Here’s the incremental sequence that worked for me. Each step should come with monitoring (next section) and at least a week of runtime before moving on.

1. Research-only mode
   Read-only FS, GET-only network.
2. Stateful mode
   Add a writable /data volume for memory.
3. Approved shell snippets
   Whitelisted sudo commands or custom tool.
4. GET + specific POST targets
   Allow POST only to domains you own (e.g., internal webhook).
5. SaaS API keys with scoped tokens
   Give GitHub PAT with public_repo only, Gmail restricted to a label, etc.
6. Outbound email / messaging
   Enable Composio integrations that can reach users.
7. Full local shell
   Only if the agent needs to compile or deploy.
8. Cluster admin
   At this point you trust it like another SRE — very few teams go this far.

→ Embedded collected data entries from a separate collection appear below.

lemma Kn_linear_inv_into:
  assumes bij: "bij_betw T (Kn n) (Kn n)" and T: "Kn_linear n T"
  shows "Kn_linear n (inv_into (Kn n) T)"
proof -
  let ?S = "inv_into (Kn n) T"
  have S: "?S y \<in> Kn n" "T (?S y) = y" if "y \<in> Kn n" for y
    using bij_betw_apply[OF bij_betw_inv_into[OF bij] that] bij_betw_inv_into_right[OF bij that]
    by auto
  have ST: "?S (T x) = x" if "x \<in> Kn n" for x
    using bij_betw_inv_into_left[OF bij that] .
  have "?S (\<lambda>i. x i + y i) = (\<lambda>i. ?S x i + ?S y i)" if "x \<in> Kn n" "y \<in> Kn n" for x y
  proof -
    have "T (\<lambda>i. ?S x i + ?S y i) = (\<lambda>i. x i + y i)"
      using Kn_linear_add[OF T S(1)[OF that(1)] S(1)[OF that(2)]] S(2) that by simp
    then show ?thesis
      using ST[OF Kn_add[OF S(1)[OF that(1)] S(1)[OF that(2)]]] by simp
  qed
  moreover have "?S (\<lambda>i. c * x i) = (\<lambda>i. c * ?S x i)" if "x \<in> Kn n" for c x
  proof -
    have "T (\<lambda>i. c * ?S x i) = (\<lambda>i. c * x i)"
      using Kn_linear_scale[OF T S(1)[OF that]] S(2) that by simp
    then show ?thesis
      using ST[OF Kn_scale[OF S(1)[OF that], where c = c]] by simp
  qed
  ultimately show ?thesis
    by (simp add: Kn_linear_def)
qed

lemma isometric_iso_sym:
  assumes "isometric_iso v n t s"
  shows "isometric_iso v n s t"
proof -
  obtain T where T: "bij_betw T (Kn n) (Kn n)" "Kn_linear n T"
    and norm: "\<forall>x\<in>Kn n. wnorm v n s (T x) = wnorm v n t x"
    using assms unfolding isometric_iso_iff by blast
  let ?S = "inv_into (Kn n) T"
  have "wnorm v n t (?S y) = wnorm v n s y" if "y \<in> Kn n" for y
    using norm bij_betw_apply[OF bij_betw_inv_into[OF T(1)] that] bij_betw_inv_into_right[OF T(1) that]
    by force
  then show ?thesis
    unfolding isometric_iso_iff using bij_betw_inv_into[OF T(1)] Kn_linear_inv_into[OF T] by blast
qed

lemma orthonormal_family_image:
  assumes T: "T ` Kn n \<subseteq> Kn n" "Kn_linear n T"
    and norm: "\<forall>x\<in>Kn n. wnorm v n s (T x) = wnorm v n t x"
    and I: "finite I" and x: "orthonormal_family v n t r I x"
  shows "orthonormal_family v n s r I (\<lambda>j. T (x j))"
  unfolding orthonormal_family_def
proof (intro conjI ballI allI impI)
  fix j assume "j \<in> I"
  then have "x j \<in> Kn n" "wnorm v n t (x j) \<le> r"
    using x by (auto simp: orthonormal_family_def)
  then show "T (x j) \<in> Kn n" "wnorm v n s (T (x j)) \<le> r"
    using T(1) norm by auto
next
  fix a assume a: "primitive v I a"
  have xK: "\<forall>j\<in>I. x j \<in> Kn n"
    using x by (simp add: orthonormal_family_def)
  have "wnorm v n s (\<lambda>i. \<Sum>j\<in>I. a j * T (x j) i) = wnorm v n s (T (\<lambda>i. \<Sum>j\<in>I. a j * x j i))"
    by (simp add: Kn_linear_comb[OF T(2) I xK])
  also have "\<dots> = wnorm v n t (\<lambda>i. \<Sum>j\<in>I. a j * x j i)"
    using norm Kn_comb[OF xK] by blast
  also have "\<dots> = r"
    using x a by (simp add: orthonormal_family_def)
  finally show "wnorm v n s (\<lambda>i. \<Sum>j\<in>I. a j * T (x j) i) = r" .
qed
(* Let $1\le d<n$ be integers and $X=P(d,n)$. Then there exists a family $\mathcal{F}_X$ of functions $\phi:V(X)\to\{-1,0,1\}$ such that: (i) for every $\phi\in\mathcal{F}_X$, both $-1$ and $1$ lie in the image of $\phi$; (ii) for every $\phi\in\mathcal{F}_X$ and every maximal clique $K$ of $X$, $\sum_{v\in V(K)}\phi(v)=0$; (iii) viewing each $\phi$ as a vector in $\mathbb{R}^{V(X)}$, $\mathcal{F}_X$ contains a linearly independent subset of cardinality $\binom{n-1}{d}$.
   Context: For integers $1\le d\le n$, let $S_{d,n}$ be the set of all $d$-tuples with entries in $[n]=\{1,\dots,n\}$ and pairwise distinct entries. The partial permutation graph $P(d,n)$ has vertex set $S_{d,n}$, two $d$-tuples being adjacent if and only if they differ in exactly one coordinate. *)

theory Defs
  imports Complex_Main
begin

definition pp_vertices :: "nat \<Rightarrow> nat \<Rightarrow> nat list set" where
  "pp_vertices d n = {xs. length xs = d \<and> distinct xs \<and> set xs \<subseteq> {1..n}}"

definition pp_adj :: "nat \<Rightarrow> nat list \<Rightarrow> nat list \<Rightarrow> bool" where
  "pp_adj d xs ys \<longleftrightarrow> card {i. i < d \<and> xs ! i \<noteq> ys ! i} = 1"

definition pp_clique :: "nat \<Rightarrow> nat \<Rightarrow> nat list set \<Rightarrow> bool" where
  "pp_clique d n K \<longleftrightarrow> K \<subseteq> pp_vertices d n \<and>
     (\<forall>x\<in>K. \<forall>y\<in>K. x \<noteq> y \<longrightarrow> pp_adj d x y)"

definition pp_maximal_clique :: "nat \<Rightarrow> nat \<Rightarrow> nat list set \<Rightarrow> bool" where
  "pp_maximal_clique d n K \<longleftrightarrow> pp_clique d n K \<and>
     (\<forall>K'. pp_clique d n K' \<and> K \<subseteq> K' \<longrightarrow> K' = K)"

definition lin_indep_on :: "'a set \<Rightarrow> ('a \<Rightarrow> real) set \<Rightarrow> bool" where
  "lin_indep_on V S \<longleftrightarrow>
     (\<forall>c. (\<forall>v\<in>V. (\<Sum>\<phi>\<in>S. c \<phi> * \<phi> v) = 0) \<longrightarrow> (\<forall>\<phi>\<in>S. c \<phi> = 0))"

end

theory Submission imports Defs "HOL-Combinatorics.Permutations" begin

(* For every (d+1)-subset T of [n] define a signed indicator phi_T on P(d,n):
   a tuple v with set v \<subseteq> T misses exactly one element b of T, and phi_T(v) is the sign of
   the permutation that turns the increasing enumeration of T into the word v @ [b];
   all other tuples get 0.
   (1) Exchanging coordinate i of v for the missing element b swaps positions i and d of
       that word, so phi_T changes sign.  This gives both values +1 and -1.
   (2) Every maximal clique is a line {y. y agrees with x off coordinate i}.  A line
       meets the support of phi_T in none or exactly two tuples, related by such an
       exchange, so the sum of phi_T over a maximal clique vanishes.
   (3) For the C(n-1,d) sets T containing n, the tuple sorted(T - {n}) lies in the support
       of phi_T only, so these functions are triangular, hence linearly independent. *)

section \<open>Sign of a word relative to a reference enumeration\<close>

text \<open>For distinct words r and L with the same letters, perm_of r L is the permutation of
  positions sending k to the position in r of the k-th letter of L.\<close>
definition perm_of :: "nat list \<Rightarrow> nat list \<Rightarrow> nat \<Rightarrow> nat" where
  "perm_of r L = (\<lambda>k. if k < length L then inv_into {..<length r} ((!) r) (L!k) else k)"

I never progressed past step 6 on production boxes. Step 8 is reserved for staging experiments.

Monitoring and auditing the agent

Process and network

Use pidstat and nethogs to watch resource spikes. For long-term trends pipe container logs into Loki and set alerts on:

• Outbound connections > 30/min
• Memory usage > 350 MB
• Sudden spike in stderr logs

Prompt and tool invocation logs

OpenClaw writes JSON traces when OPENCLAW_DEBUG=1. Ship them to Elasticsearch:

docker run ... -e OPENCLAW_DEBUG=1 | tee /var/log/openclaw/trace.jsonl

Kibana search examples:

tool:"shell" AND command.keyword:/rm -rf/

Community tip: enable “prompt redaction” to strip e-mail addresses from logs, merged in PR #8612 last month.

Automating policy with AppArmor

If you deploy on Ubuntu, AppArmor beats hand-rolled iptables + sudoers files. Policy snippet:

/usr/bin/node { # deny everything by default deny network, deny @{HOME}/ rwl, # allow GET/HEAD via libcurl (OpenClaw uses node-fetch) network inet tcp, # writable state dir /srv/claw-state/ rw, # specific binaries /usr/local/bin/npm Px, }

Load it:

apparmor_parser -r -W /etc/apparmor.d/usr.bin.openclaw

I keep policies in Git, reviewed by another engineer before pushing to prod. This tiny review loop caught a “just open port 25 for email tests” commit that would have enabled arbitrary SMTP spam.

When ClawCloud makes more sense

Spending mornings chasing iptables edge cases is fun exactly once. ClawCloud’s hosted runtime already applies:

• Read-only root FS with writable user partition
• Per-agent network ACLs via eBPF
• Automatic API credential vaulting
• Signed audit logs stored 30 days

I still run local containers for rapid prototyping, but production-facing Slack agents moved to ClawCloud after two weeks. Cost was lower than the time I burned tuning AppArmor.

Next step: apply it to your agent today

Pick the first permission you can revoke without breaking your workflow — probably POST requests or write access to $HOME. Measure the fallout, patch, and move down the roadmap. The sooner you start the lock-down, the cheaper every future incident will be.